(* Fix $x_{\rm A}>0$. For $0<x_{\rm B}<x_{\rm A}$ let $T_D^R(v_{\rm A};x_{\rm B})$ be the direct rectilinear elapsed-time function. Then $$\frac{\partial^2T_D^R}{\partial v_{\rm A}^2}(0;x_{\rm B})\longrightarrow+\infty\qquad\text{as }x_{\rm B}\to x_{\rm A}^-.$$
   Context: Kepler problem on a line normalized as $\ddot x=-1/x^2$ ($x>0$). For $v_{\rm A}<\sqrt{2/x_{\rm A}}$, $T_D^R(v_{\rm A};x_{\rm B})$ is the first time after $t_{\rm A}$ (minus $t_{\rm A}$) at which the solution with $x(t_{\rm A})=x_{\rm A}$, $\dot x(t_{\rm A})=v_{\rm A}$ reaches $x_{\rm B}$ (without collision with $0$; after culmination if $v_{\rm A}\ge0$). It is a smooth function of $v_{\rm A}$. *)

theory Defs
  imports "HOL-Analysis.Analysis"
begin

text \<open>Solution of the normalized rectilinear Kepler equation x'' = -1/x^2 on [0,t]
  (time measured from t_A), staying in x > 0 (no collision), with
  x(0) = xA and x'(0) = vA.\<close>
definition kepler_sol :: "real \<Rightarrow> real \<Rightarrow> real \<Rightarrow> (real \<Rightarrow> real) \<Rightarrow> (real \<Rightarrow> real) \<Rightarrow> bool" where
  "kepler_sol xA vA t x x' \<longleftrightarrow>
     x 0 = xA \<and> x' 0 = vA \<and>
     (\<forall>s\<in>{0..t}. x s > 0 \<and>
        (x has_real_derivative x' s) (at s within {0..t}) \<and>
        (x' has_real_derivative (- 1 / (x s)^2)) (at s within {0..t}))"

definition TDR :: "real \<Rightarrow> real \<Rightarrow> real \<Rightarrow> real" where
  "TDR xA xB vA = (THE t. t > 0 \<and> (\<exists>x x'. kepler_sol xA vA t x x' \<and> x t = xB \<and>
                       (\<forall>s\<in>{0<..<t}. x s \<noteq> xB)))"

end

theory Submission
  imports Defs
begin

• • •

What to produce: Your answer should hold only the lines from the one with "real \<Rightarrow> (real" through the end of the listing above, both ends included, written out exactly.

Task response:
definition kepler_sol :: "real \<Rightarrow> real \<Rightarrow> real \<Rightarrow> (real \<Rightarrow> real) \<Rightarrow> (real \<Rightarrow> real) \<Rightarrow> bool" where
  "kepler_sol xA vA t x x' \<longleftrightarrow>
     x 0 = xA \<and> x' 0 = vA \<and>
     (\<forall>s\<in>{0..t}. x s > 0 \<and>
        (x has_real_derivative x' s) (at s within {0..t}) \<and>
        (x' has_real_derivative (- 1 / (x s)^2)) (at s within {0..t}))"

definition TDR :: "real \<Rightarrow> real \<Rightarrow> real \<Rightarrow> real" where
  "TDR xA xB vA = (THE t. t > 0 \<and> (\<exists>x x'. kepler_sol xA vA t x x' \<and> x t = xB \<and>
                       (\<forall>s\<in>{0<..<t}. x s \<noteq> xB)))"

end

theory Submission
  imports Defs
begin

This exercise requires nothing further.